Fortress

“That was a different armored cavalry regiment,” Kelly said, lifting himself by his left shoulder and feet so that he could hitch up his trousers. The Volvo had leather upholstery, and he was sweating enough to stick slightly to the seat cushion. “Close, but no cigar. These guys – ” They were coming to another checkpoint, and this time the gates were shut. The fencing gleamed in the headlights as the car paused for a soldier with a small flashlight to check Doug’s ID. The earth raked smooth around the postholes had a raw, unweathered look.

“These guys are a public relations unit,” Kelly said, trying to control his voice the way he would clean a bad signal on tape – trimming out everything but what communicated data, as if there were no such things as static, bleed-over, or fear. “The President needs troops for a parade, visiting brass wants to review something – you know the drill – the Twelfth takes care of it. Nicely painted tanks and APCs, troops in strack uniforms – you know. They even paint the roadwheels of the tanks. Rots the rubber, but it sho’ do look black from the reviewing stands.”

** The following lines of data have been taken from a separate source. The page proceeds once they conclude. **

lemma supervisor_imp_ctrl_set:
  assumes "is_aut G" and "is_aut R" and "is_aut S"
    and "admissible Sigma_uc S G" and "bisimilar (sync S G) R"
  shows "\<exists>E. ctrl_set Sigma_uc (ev G) G R E \<and> gammaR G (\<Union> (E0 G R E)) = init R"
proof -
  obtain \<Phi> where "bisimulation \<Phi> (sync S G) R"
    using assms(5) unfolding bisimilar_def by blast
  then interpret supervised_bisimulation S G R \<Phi>
    using assms(1-3) by unfold_locales
  show ?thesis using ctrl_set_related_pair_sets[OF assms(4)] gammaR_E0_related_pair_sets by blast
qed

definition ctrl_supervisor ::
    "('x, 'e) aut \<Rightarrow> ('z, 'e) aut \<Rightarrow> ('x \<times> 'z) set set \<Rightarrow> (('x \<times> 'z) set, 'e) aut" where
  "ctrl_supervisor G R E = \<lparr> st = E, ev = ev G,
     tr = {(W, \<sigma>, W'). W \<in> E \<and> W' \<in> E \<and> \<sigma> \<in> ev G \<and> match G R W \<sigma> W'},
     init = E0 G R E \<rparr>"

lemma E0_subset: "E0 G R E \<subseteq> E"
  unfolding E0_def by blast

lemma is_aut_ctrl_supervisor:
  assumes "is_aut G" and "E0 G R E \<noteq> {}"
  shows "is_aut (ctrl_supervisor G R E)"
  using assms E0_subset[of G R E] unfolding is_aut_def ctrl_supervisor_def by auto

lemma admissible_ctrl_supervisor:
  assumes G: "is_aut G" and S: "is_aut (ctrl_supervisor G R E)"
    and E: "ctrl_set Sigma_uc Sigma_r G R E"
  shows "admissible Sigma_uc (ctrl_supervisor G R E) G"
  unfolding admissible_def
proof (intro allI impI)
  fix W x \<sigma> x'
  assume "(W, x) \<in> reach (sync (ctrl_supervisor G R E) G) \<and> \<sigma> \<in> Sigma_uc \<and> (x, \<sigma>, x') \<in> tr G"
  then have "W \<in> E" and \<sigma>: "\<sigma> \<in> Sigma_uc" "\<sigma> \<in> ev G" and x': "(x, \<sigma>, x') \<in> tr G"
    using reach_subset_st[OF is_aut_sync[OF S G]] G
    by (auto simp: ctrl_supervisor_def is_aut_def)
  then obtain W' where "W' \<in> E" "match G R W \<sigma> W'"
    using ctrl_set_uncontrollable[OF E] \<sigma>(1) by blast
  then have "((W, x), \<sigma>, (W', x')) \<in> tr (sync (ctrl_supervisor G R E) G)"
    using \<open>W \<in> E\<close> \<sigma> x' by (simp add: ctrl_supervisor_def)
  then show "\<exists>p'. ((W, x), \<sigma>, p') \<in> tr (sync (ctrl_supervisor G R E) G)" by blast
qed
definition rf_tl :: "recf \<Rightarrow> recf" where
  "rf_tl a = rf_snd (rf_sub a (cnst 1))"

lemma eval_rf_tl: "eval a xs (list_encode ys) \<Longrightarrow> eval (rf_tl a) xs (list_encode (tl ys))"
proof -
  assume "eval a xs (list_encode ys)"
  hence "eval (rf_tl a) xs (snd (prod_decode (list_encode ys - 1)))"
    unfolding rf_tl_def by (intro eval_rf_snd eval_rf_sub eval_cnst)
  thus ?thesis by (cases ys) (simp_all add: prod_decode_0)
qed

definition rf_drop :: "recf \<Rightarrow> recf \<Rightarrow> recf" where
  "rf_drop k a = Comp (Prec (Proj 0) (rf_tl (Proj 0))) [k, a]"

lemma eval_rf_drop:
  assumes "eval k xs n" "eval a xs (list_encode ys)"
  shows "eval (rf_drop k a) xs (list_encode (drop n ys))"
proof -
  have "eval (Prec (Proj 0) (rf_tl (Proj 0))) [m, list_encode ys] (list_encode (drop m ys))" for m
  proof (rule eval_PrecI[where h = "\<lambda>m. list_encode (drop m ys)"])
    fix m
    show "eval (rf_tl (Proj 0)) [list_encode (drop m ys), m, list_encode ys] (list_encode (drop (Suc m) ys))"
      using eval_rf_tl[OF eval_Proj0, of "drop m ys"] by (simp add: tl_drop drop_Suc)
  qed (simp add: eval_Proj0)
  thus ?thesis unfolding rf_drop_def using assms by (intro eval_Comp_binary)
qed

definition rf_nth :: "recf \<Rightarrow> recf \<Rightarrow> recf" where
  "rf_nth k a = rf_fst (rf_sub (rf_drop k a) (cnst 1))"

“You may pass, sir,” said the guard, and as the gate opened he saluted.

There was a second chain link barrier twelve feet within the first, with its gate inset further to permit a car to stand between the checkpoints while both gates were closed. The inner fencing was covered with taupe fiberglass panels, translucent and sufficient protection against anyone trying to observe the compound from ground level. The soldiers manning the inner guard post wore fatigues and carried automatic rifles with a degree of assurance very different from that of the Twelfth Cav guards with pistols in patent leather holsters.

The man who examined the credentials this time stooped to look at all three occupants of the car. He wore neither a unit patch nor rank insignia, but there were chevrons and rockers in his eyes when he met Kelly’s.

There but for the grace of God, the veteran thought, if his gift for languages was really a manifestation of grace rather than a curse. Being able to process intercept data in real time had put Tom Kelly farther up the sharp end than he ever would have gone if he knew only how to sight a cal fifty and handle twenty-ounce blocks of plastique. He’d spent a lot of years in places where discipline was something you had yourself because there was nobody around to impose it on you.

When the people who thought in hierarchies realized that Platoon Sergeant Thomas J. Kelly was both willing and able to make a major policy decision for the United States government, it made him very frightening.

“Christ, I’m scared,” Kelly said with a lilt and a bright smile to make a joke of it as the guard stepped away.

The woman in the back seat smiled with the precision of a gunlock. “I’ve read your file, Mr. Kelly,” she said as the gate squealed open. “If I had any doubt about the purpose of this exercise, I promise I wouldn’t be the person nearest by when you learned the truth.”

Doug glanced up at the rearview mirror again as he drove forward, his expression unreadable.

Within the second enclosure were four frame buildings, a number of cars – Continentals and a Mercedes, all with opera windows – and more armed men in unmarked fatigues. Incandescent area lights were placed within the fencing on temporary poles, throwing hard shadows and displaying every flaw in the peeling, mustard-colored paint on the buildings. They had probably been constructed during the Second World War as temporary barracks, and had survived simply because military bureaucracy misfiled a great deal more than it discarded.

Well, Kelly had once been very glad for a case of Sten guns hidden against need, decades before, in a warehouse in Horns. It wasn’t the sort of waste that bothered him.

Three of the buildings were two-story, but the fourth was one floor with a crawl space, like the shotgun houses built in rural areas at about the same period. It would have been a company headquarters and orderly room; now it was the prize which the troops billeted in the other three buildings were guarding.